■ Directions for this task
Retype the entries exactly, keeping every line intact.

[Data extracted from a collection]
text \<open>For voltage drops \<open>d\<close> across resistances \<open>R\<close>
  it says that resistors in series dissipate at least as much as one resistor of their total resistance.\<close>
lemma series_energy_le:
  fixes ps :: "(real \<times> real) list"
  assumes "\<forall>(d, R) \<in> set ps. 0 < R"
  shows "(\<Sum>(d, R)\<leftarrow>ps. d)\<^sup>2 / (\<Sum>(d, R)\<leftarrow>ps. R) \<le> (\<Sum>(d, R)\<leftarrow>ps. d\<^sup>2 / R)"
  using assms
proof (induction ps)
  case Nil
  then show ?case by simp
next
  case (Cons p ps)
  obtain d R where p: "p = (d, R)" by fastforce
  define D where "D = (\<Sum>(d, R)\<leftarrow>ps. d)"
  define S where "S = (\<Sum>(d, R)\<leftarrow>ps. R)"
  have R: "0 < R" using Cons.prems p by auto
  have IH: "D\<^sup>2 / S \<le> (\<Sum>(d, R)\<leftarrow>ps. d\<^sup>2 / R)"
    using Cons unfolding D_def S_def by auto
  have two: "(d + D)\<^sup>2 / (R + S) \<le> d\<^sup>2 / R + D\<^sup>2 / S"
  proof (cases "ps = []")
    case False
    then obtain d' R' ps' where "ps = (d', R') # ps'" by (metis list.exhaust prod.exhaust)
    moreover have "0 \<le> (\<Sum>(d, R)\<leftarrow>ps'. R)"
      using Cons.prems \<open>ps = (d', R') # ps'\<close> by (intro sum_list_nonneg) auto
    ultimately have "0 < S"
      using Cons.prems unfolding S_def by auto
    then have "d\<^sup>2 / R + D\<^sup>2 / S - (d + D)\<^sup>2 / (R + S) = (d * S - D * R)\<^sup>2 / (R * S * (R + S))"
      using R by (simp add: field_simps power2_eq_square)
    also have "\<dots> \<ge> 0" using R \<open>0 < S\<close> by simp
    finally show ?thesis by simp
  qed (simp add: D_def S_def)
  have "(\<Sum>(d, R)\<leftarrow>p # ps. d) = d + D" "(\<Sum>(d, R)\<leftarrow>p # ps. R) = R + S"
    "(\<Sum>(d, R)\<leftarrow>p # ps. d\<^sup>2 / R) = d\<^sup>2 / R + (\<Sum>(d, R)\<leftarrow>ps. d\<^sup>2 / R)"
    by (simp_all add: p D_def S_def)
  then show ?case using two IH by (simp only:)
qed

text \<open>A chain of resistors \<open>r\<^sup>n\<close> from \<open>x 0\<close> to \<open>x N\<close>, where the link from \<open>x 1\<close> to \<open>x 2\<close> is shunted
  by a path of five resistors through \<open>y1, \<dots>, y4\<close> of total resistance \<open>r * (1 + 2 * r + 2 * r\<^sup>2)\<close>;
  the parallel combination lowers the total resistance by exactly \<open>r / (2 + 2 * r + 2 * r\<^sup>2)\<close>.\<close>
lemma shunted_chain_energy_ge:
  fixes r y1 y2 y3 y4 :: real and x :: "nat \<Rightarrow> real"
  assumes r: "0 < r" and N: "2 \<le> N"
  shows "(x 0 - x N)\<^sup>2 / ((\<Sum>n<N. r ^ n) - r / (2 + 2 * r + 2 * r\<^sup>2))
    \<le> (\<Sum>n<N. (x n - x (Suc n))\<^sup>2 / r ^ n)
      + ((x 1 - y1)\<^sup>2 / r + (y1 - y2)\<^sup>2 / r\<^sup>2 + (y2 - y3)\<^sup>2 / r ^ 3 + (y4 - y3)\<^sup>2 / r ^ 3 + (x 2 - y4)\<^sup>2 / r\<^sup>2)"
    (is "_ \<le> _ + ?shunt")
proof -
  define K where "K = 2 + 2 * r + 2 * r\<^sup>2"
  have K: "1 < K" using r unfolding K_def by (simp add: add_pos_pos)
  let ?path = "[(x 1 - y1, r), (y1 - y2, r\<^sup>2), (y2 - y3, r ^ 3), (y3 - y4, r ^ 3), (y4 - x 2, r\<^sup>2)]"
  have "(x 1 - x 2)\<^sup>2 / (r * (K - 1)) = (\<Sum>(d, R)\<leftarrow>?path. d)\<^sup>2 / (\<Sum>(d, R)\<leftarrow>?path. R)"
    by (simp add: K_def power2_eq_square power3_eq_cube algebra_simps)
  also have "\<dots> \<le> (\<Sum>(d, R)\<leftarrow>?path. d\<^sup>2 / R)"
    by (rule series_energy_le) (use r in auto)
  also have "\<dots> = ?shunt"
    by (simp add: power2_commute)
  finally have shunt: "(x 1 - x 2)\<^sup>2 / (r * (K - 1)) \<le> ?shunt" .
  define R where "R n = r ^ n - (if n = 1 then r / K else 0)" for n
  have R_pos: "0 < R n" for n
    using r K by (auto simp: R_def field_simps)
  have parallel: "(x n - x (Suc n))\<^sup>2 / R n
      = (x n - x (Suc n))\<^sup>2 / r ^ n + (if n = 1 then (x 1 - x 2)\<^sup>2 / (r * (K - 1)) else 0)" for n
    using r K by (auto simp: R_def field_simps numeral_2_eq_2)
  have "(\<Sum>n<N. r ^ n) - r / K = (\<Sum>n<N. R n)"
    using N by (simp add: R_def sum_subtractf)
  then have "(x 0 - x N)\<^sup>2 / ((\<Sum>n<N. r ^ n) - r / K) = (x 0 - x N)\<^sup>2 / (\<Sum>n<N. R n)"
    by simp
  also have "\<dots> \<le> (\<Sum>n<N. (x n - x (Suc n))\<^sup>2 / R n)"
    using series_energy_le[of "map (\<lambda>n. (x n - x (Suc n), R n)) [0..<N]"] R_pos
    by (simp add: interv_sum_list_conv_sum_set_nat atLeast0LessThan sum_lessThan_telescope')
  also have "\<dots> = (\<Sum>n<N. (x n - x (Suc n))\<^sup>2 / r ^ n) + (x 1 - x 2)\<^sup>2 / (r * (K - 1))"
    using N by (simp add: parallel sum.distrib)
  finally show ?thesis
    using shunt unfolding K_def by linarith
qed

text \<open>The cells along the side from \<open>q 0\<close> to \<open>q i\<close>, and the three cells carrying the shunt path of
  \<open>shunted_chain_energy_ge\<close> from \<open>apex [i]\<close> to \<open>apex [i, i]\<close>.\<close>
definition side_cells :: "nat \<Rightarrow> nat \<Rightarrow> nat list set" where
  "side_cells i N = (\<lambda>n. replicate n i) ` {1..<N} \<union> {[i, 3 - i], [i, 3 - i, i], [i, i, 3 - i]}"

lemma finite_side_cells: "finite (side_cells i N)"
  by (simp add: side_cells_def)

lemma side_cells_hd: "s \<in> side_cells i N \<Longrightarrow> s \<noteq> [] \<and> hd s = i"
  by (auto simp: side_cells_def)

lemma sum_side_cells:
  "(\<Sum>s\<in>side_cells i N. g s)
    = (\<Sum>n\<in>{1..<N}. g (replicate n i)) + g [i, 3 - i] + g [i, 3 - i, i] + g [i, i, 3 - i]"
proof -
  have ne: "3 - i \<noteq> i" by arith
  have "inj_on (\<lambda>n. replicate n i) {1..<N}"
    by (rule inj_onI) (metis length_replicate)
  moreover have "(\<lambda>n. replicate n i) ` {1..<N} \<inter> {[i, 3 - i], [i, 3 - i, i], [i, i, 3 - i]} = {}"
  proof -
    have "3 - i \<notin> set (replicate n i)" for n
      using ne by (simp add: set_replicate_conv_if)
    moreover have "3 - i \<in> set w" if "w \<in> {[i, 3 - i], [i, 3 - i, i], [i, i, 3 - i]}" for w
      using that by auto
    ultimately show ?thesis by blast
  qed
  ultimately show ?thesis
    unfolding side_cells_def using ne by (simp add: sum.union_disjoint sum.reindex ac_simps)
qed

■ Output below
text \<open>For voltage drops \<open>d\<close> across resistances \<open>R\<close>
  it says that resistors in series dissipate at least as much as one resistor of their total resistance.\<close>
lemma series_energy_le:
  fixes ps :: "(real \<times> real) list"
  assumes "\<forall>(d, R) \<in> set ps. 0 < R"
  shows "(\<Sum>(d, R)\<leftarrow>ps. d)\<^sup>2 / (\<Sum>(d, R)\<leftarrow>ps. R) \<le> (\<Sum>(d, R)\<leftarrow>ps. d\<^sup>2 / R)"
  using assms
proof (induction ps)
  case Nil
  then show ?case by simp
next
  case (Cons p ps)
  obtain d R where p: "p = (d, R)" by fastforce
  define D where "D = (\<Sum>(d, R)\<leftarrow>ps. d)"
  define S where "S = (\<Sum>(d, R)\<leftarrow>ps. R)"
  have R: "0 < R" using Cons.prems p by auto
  have IH: "D\<^sup>2 / S \<le> (\<Sum>(d, R)\<leftarrow>ps. d\<^sup>2 / R)"
    using Cons unfolding D_def S_def by auto
  have two: "(d + D)\<^sup>2 / (R + S) \<le> d\<^sup>2 / R + D\<^sup>2 / S"
  proof (cases "ps = []")
    case False
    then obtain d' R' ps' where "ps = (d', R') # ps'" by (metis list.exhaust prod.exhaust)
    moreover have "0 \<le> (\<Sum>(d, R)\<leftarrow>ps'. R)"
      using Cons.prems \<open>ps = (d', R') # ps'\<close> by (intro sum_list_nonneg) auto
    ultimately have "0 < S"
      using Cons.prems unfolding S_def by auto
    then have "d\<^sup>2 / R + D\<^sup>2 / S - (d + D)\<^sup>2 / (R + S) = (d * S - D * R)\<^sup>2 / (R * S * (R + S))"
      using R by (simp add: field_simps power2_eq_square)
    also have "\<dots> \<ge> 0" using R \<open>0 < S\<close> by simp
    finally show ?thesis by simp
  qed (simp add: D_def S_def)
  have "(\<Sum>(d, R)\<leftarrow>p # ps. d) = d + D" "(\<Sum>(d, R)\<leftarrow>p # ps. R) = R + S"
    "(\<Sum>(d, R)\<leftarrow>p # ps. d\<^sup>2 / R) = d\<^sup>2 / R + (\<Sum>(d, R)\<leftarrow>ps. d\<^sup>2 / R)"
    by (simp_all add: p D_def S_def)
  then show ?case using two IH by (simp only:)
qed

text \<open>A chain of resistors \<open>r\<^sup>n\<close> from \<open>x 0\<close> to \<open>x N\<close>, where the link from \<open>x 1\<close> to \<open>x 2\<close> is shunted
  by a path of five resistors through \<open>y1, \<dots>, y4\<close> of total resistance \<open>r * (1 + 2 * r + 2 * r\<^sup>2)\<close>;
  the parallel combination lowers the total resistance by exactly \<open>r / (2 + 2 * r + 2 * r\<^sup>2)\<close>.\<close>
lemma shunted_chain_energy_ge:
  fixes r y1 y2 y3 y4 :: real and x :: "nat \<Rightarrow> real"
  assumes r: "0 < r" and N: "2 \<le> N"
  shows "(x 0 - x N)\<^sup>2 / ((\<Sum>n<N. r ^ n) - r / (2 + 2 * r + 2 * r\<^sup>2))
    \<le> (\<Sum>n<N. (x n - x (Suc n))\<^sup>2 / r ^ n)
      + ((x 1 - y1)\<^sup>2 / r + (y1 - y2)\<^sup>2 / r\<^sup>2 + (y2 - y3)\<^sup>2 / r ^ 3 + (y4 - y3)\<^sup>2 / r ^ 3 + (x 2 - y4)\<^sup>2 / r\<^sup>2)"
    (is "_ \<le> _ + ?shunt")
proof -
  define K where "K = 2 + 2 * r + 2 * r\<^sup>2"
  have K: "1 < K" using r unfolding K_def by (simp add: add_pos_pos)
  let ?path = "[(x 1 - y1, r), (y1 - y2, r\<^sup>2), (y2 - y3, r ^ 3), (y3 - y4, r ^ 3), (y4 - x 2, r\<^sup>2)]"
  have "(x 1 - x 2)\<^sup>2 / (r * (K - 1)) = (\<Sum>(d, R)\<leftarrow>?path. d)\<^sup>2 / (\<Sum>(d, R)\<leftarrow>?path. R)"
    by (simp add: K_def power2_eq_square power3_eq_cube algebra_simps)
  also have "\<dots> \<le> (\<Sum>(d, R)\<leftarrow>?path. d\<^sup>2 / R)"
    by (rule series_energy_le) (use r in auto)
  also have "\<dots> = ?shunt"
    by (simp add: power2_commute)
  finally have shunt: "(x 1 - x 2)\<^sup>2 / (r * (K - 1)) \<le> ?shunt" .
  define R where "R n = r ^ n - (if n = 1 then r / K else 0)" for n
  have R_pos: "0 < R n" for n
    using r K by (auto simp: R_def field_simps)
  have parallel: "(x n - x (Suc n))\<^sup>2 / R n
      = (x n - x (Suc n))\<^sup>2 / r ^ n + (if n = 1 then (x 1 - x 2)\<^sup>2 / (r * (K - 1)) else 0)" for n
    using r K by (auto simp: R_def field_simps numeral_2_eq_2)
  have "(\<Sum>n<N. r ^ n) - r / K = (\<Sum>n<N. R n)"
    using N by (simp add: R_def sum_subtractf)
  then have "(x 0 - x N)\<^sup>2 / ((\<Sum>n<N. r ^ n) - r / K) = (x 0 - x N)\<^sup>2 / (\<Sum>n<N. R n)"
    by simp
  also have "\<dots> \<le> (\<Sum>n<N. (x n - x (Suc n))\<^sup>2 / R n)"
    using series_energy_le[of "map (\<lambda>n. (x n - x (Suc n), R n)) [0..<N]"] R_pos
    by (simp add: interv_sum_list_conv_sum_set_nat atLeast0LessThan sum_lessThan_telescope')
  also have "\<dots> = (\<Sum>n<N. (x n - x (Suc n))\<^sup>2 / r ^ n) + (x 1 - x 2)\<^sup>2 / (r * (K - 1))"
    using N by (simp add: parallel sum.distrib)
  finally show ?thesis
    using shunt unfolding K_def by linarith
qed

text \<open>The cells along the side from \<open>q 0\<close> to \<open>q i\<close>, and the three cells carrying the shunt path of
  \<open>shunted_chain_energy_ge\<close> from \<open>apex [i]\<close> to \<open>apex [i, i]\<close>.\<close>
definition side_cells :: "nat \<Rightarrow> nat \<Rightarrow> nat list set" where
  "side_cells i N = (\<lambda>n. replicate n i) ` {1..<N} \<union> {[i, 3 - i], [i, 3 - i, i], [i, i, 3 - i]}"

lemma finite_side_cells: "finite (side_cells i N)"
  by (simp add: side_cells_def)

lemma side_cells_hd: "s \<in> side_cells i N \<Longrightarrow> s \<noteq> [] \<and> hd s = i"
  by (auto simp: side_cells_def)

lemma sum_side_cells:
  "(\<Sum>s\<in>side_cells i N. g s)
    = (\<Sum>n\<in>{1..<N}. g (replicate n i)) + g [i, 3 - i] + g [i, 3 - i, i] + g [i, i, 3 - i]"
proof -
  have ne: "3 - i \<noteq> i" by arith
  have "inj_on (\<lambda>n. replicate n i) {1..<N}"
    by (rule inj_onI) (metis length_replicate)
  moreover have "(\<lambda>n. replicate n i) ` {1..<N} \<inter> {[i, 3 - i], [i, 3 - i, i], [i, i, 3 - i]} = {}"
  proof -
    have "3 - i \<notin> set (replicate n i)" for n
      using ne by (simp add: set_replicate_conv_if)
    moreover have "3 - i \<in> set w" if "w \<in> {[i, 3 - i], [i, 3 - i, i], [i, i, 3 - i]}" for w
      using that by auto
    ultimately show ?thesis by blast
  qed
  ultimately show ?thesis
    unfolding side_cells_def using ne by (simp add: sum.union_disjoint sum.reindex ac_simps)
qed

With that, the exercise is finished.